··· Records provided

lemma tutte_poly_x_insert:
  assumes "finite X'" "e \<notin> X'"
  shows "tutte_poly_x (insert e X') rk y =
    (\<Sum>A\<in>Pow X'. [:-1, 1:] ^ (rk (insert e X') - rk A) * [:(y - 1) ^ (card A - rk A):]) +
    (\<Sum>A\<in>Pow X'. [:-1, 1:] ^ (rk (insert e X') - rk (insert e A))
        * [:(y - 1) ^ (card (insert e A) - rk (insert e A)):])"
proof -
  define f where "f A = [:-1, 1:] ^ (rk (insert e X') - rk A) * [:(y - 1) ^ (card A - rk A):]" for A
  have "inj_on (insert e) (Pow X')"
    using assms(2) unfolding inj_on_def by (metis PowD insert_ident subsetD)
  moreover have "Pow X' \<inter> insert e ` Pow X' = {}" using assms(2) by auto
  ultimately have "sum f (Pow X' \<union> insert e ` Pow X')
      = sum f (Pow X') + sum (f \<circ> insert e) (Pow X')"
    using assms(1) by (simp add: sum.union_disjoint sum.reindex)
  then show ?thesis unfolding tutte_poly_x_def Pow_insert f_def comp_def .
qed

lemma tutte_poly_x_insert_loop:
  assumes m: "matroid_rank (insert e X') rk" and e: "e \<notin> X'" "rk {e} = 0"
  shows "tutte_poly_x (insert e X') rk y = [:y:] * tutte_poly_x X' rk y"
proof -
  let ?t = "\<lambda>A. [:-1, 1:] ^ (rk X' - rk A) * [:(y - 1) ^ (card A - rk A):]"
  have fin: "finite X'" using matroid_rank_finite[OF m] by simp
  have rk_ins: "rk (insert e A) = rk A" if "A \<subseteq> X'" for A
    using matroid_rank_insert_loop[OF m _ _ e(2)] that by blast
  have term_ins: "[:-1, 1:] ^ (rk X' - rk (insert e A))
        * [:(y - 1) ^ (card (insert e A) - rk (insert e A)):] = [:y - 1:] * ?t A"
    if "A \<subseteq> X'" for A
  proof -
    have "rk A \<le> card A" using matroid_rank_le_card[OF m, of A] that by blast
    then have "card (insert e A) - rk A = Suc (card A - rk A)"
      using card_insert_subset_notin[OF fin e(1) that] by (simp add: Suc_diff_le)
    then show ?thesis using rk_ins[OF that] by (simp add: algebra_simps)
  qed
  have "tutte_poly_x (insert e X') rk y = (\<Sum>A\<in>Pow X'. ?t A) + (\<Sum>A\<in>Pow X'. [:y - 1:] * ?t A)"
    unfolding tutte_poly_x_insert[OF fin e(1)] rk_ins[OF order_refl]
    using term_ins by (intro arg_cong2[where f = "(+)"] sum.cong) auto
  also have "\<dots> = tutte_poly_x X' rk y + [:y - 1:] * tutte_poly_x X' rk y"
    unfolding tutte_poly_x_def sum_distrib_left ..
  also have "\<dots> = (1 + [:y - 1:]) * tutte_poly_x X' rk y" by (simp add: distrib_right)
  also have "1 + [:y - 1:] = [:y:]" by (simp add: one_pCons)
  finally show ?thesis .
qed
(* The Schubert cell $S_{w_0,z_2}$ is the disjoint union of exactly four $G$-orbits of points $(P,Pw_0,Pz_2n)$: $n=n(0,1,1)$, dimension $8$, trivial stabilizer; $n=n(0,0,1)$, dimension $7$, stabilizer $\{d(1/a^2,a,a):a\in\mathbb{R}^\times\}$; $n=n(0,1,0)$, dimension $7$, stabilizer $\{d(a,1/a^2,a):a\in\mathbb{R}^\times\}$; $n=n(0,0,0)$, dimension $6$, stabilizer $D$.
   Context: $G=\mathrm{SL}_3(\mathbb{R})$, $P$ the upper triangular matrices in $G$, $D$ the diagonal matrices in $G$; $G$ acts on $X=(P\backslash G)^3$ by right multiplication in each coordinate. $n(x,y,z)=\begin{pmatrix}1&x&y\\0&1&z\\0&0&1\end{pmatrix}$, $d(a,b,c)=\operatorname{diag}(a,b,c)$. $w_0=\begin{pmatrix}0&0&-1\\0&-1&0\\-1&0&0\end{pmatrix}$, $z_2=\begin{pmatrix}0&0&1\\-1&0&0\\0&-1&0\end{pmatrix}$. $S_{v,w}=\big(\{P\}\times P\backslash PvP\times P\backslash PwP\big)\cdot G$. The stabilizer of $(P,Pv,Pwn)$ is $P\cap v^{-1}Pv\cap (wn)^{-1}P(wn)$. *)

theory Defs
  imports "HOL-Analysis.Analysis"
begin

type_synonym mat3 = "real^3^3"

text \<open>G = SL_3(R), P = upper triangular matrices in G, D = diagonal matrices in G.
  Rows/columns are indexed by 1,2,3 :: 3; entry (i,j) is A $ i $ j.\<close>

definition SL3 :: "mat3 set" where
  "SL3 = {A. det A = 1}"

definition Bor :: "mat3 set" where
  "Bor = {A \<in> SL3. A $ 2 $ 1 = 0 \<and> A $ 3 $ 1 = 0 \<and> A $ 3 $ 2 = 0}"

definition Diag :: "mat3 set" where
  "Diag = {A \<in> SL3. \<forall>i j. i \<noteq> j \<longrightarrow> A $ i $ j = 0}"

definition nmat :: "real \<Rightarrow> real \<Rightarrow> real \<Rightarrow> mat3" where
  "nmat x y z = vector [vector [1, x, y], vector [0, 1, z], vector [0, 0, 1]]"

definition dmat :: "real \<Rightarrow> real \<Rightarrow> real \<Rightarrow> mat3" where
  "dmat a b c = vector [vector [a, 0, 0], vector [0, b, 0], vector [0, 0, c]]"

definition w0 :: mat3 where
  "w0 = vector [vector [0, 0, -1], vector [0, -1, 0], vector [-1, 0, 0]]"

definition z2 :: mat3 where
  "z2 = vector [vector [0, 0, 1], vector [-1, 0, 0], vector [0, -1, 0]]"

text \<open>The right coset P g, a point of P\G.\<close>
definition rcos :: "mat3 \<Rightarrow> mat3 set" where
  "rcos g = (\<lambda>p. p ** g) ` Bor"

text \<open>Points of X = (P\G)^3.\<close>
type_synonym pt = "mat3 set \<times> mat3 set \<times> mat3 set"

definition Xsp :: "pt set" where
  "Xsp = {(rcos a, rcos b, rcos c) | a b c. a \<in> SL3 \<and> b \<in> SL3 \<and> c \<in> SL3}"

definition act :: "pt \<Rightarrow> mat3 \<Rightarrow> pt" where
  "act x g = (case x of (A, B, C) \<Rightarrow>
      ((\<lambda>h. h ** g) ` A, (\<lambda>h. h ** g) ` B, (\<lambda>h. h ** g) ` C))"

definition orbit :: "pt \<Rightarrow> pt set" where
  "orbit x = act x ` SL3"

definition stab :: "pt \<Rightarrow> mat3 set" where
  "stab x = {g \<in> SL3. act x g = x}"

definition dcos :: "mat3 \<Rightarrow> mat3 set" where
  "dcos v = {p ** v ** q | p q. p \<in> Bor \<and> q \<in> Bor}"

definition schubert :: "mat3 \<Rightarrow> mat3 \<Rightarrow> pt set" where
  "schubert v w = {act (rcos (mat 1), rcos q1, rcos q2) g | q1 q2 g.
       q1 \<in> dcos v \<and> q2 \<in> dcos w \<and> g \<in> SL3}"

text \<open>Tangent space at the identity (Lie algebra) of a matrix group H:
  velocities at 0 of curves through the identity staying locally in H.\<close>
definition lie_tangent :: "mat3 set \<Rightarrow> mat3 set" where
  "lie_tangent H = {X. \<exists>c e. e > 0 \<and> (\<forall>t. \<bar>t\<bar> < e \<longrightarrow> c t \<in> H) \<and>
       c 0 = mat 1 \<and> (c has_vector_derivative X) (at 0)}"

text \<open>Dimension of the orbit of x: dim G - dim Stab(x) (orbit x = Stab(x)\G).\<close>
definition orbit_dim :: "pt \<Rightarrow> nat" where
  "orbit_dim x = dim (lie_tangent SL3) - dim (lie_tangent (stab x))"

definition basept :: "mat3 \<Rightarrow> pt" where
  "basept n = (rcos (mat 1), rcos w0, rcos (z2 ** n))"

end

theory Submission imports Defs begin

······

What you have to do: Starting with the line with "x, y], vector" above and going on through the line with "b, 0], vector", transcribe every line exactly, both ends included, and add nothing.

Solution:
  "nmat x y z = vector [vector [1, x, y], vector [0, 1, z], vector [0, 0, 1]]"

definition dmat :: "real \<Rightarrow> real \<Rightarrow> real \<Rightarrow> mat3" where
  "dmat a b c = vector [vector [a, 0, 0], vector [0, b, 0], vector [0, 0, c]]"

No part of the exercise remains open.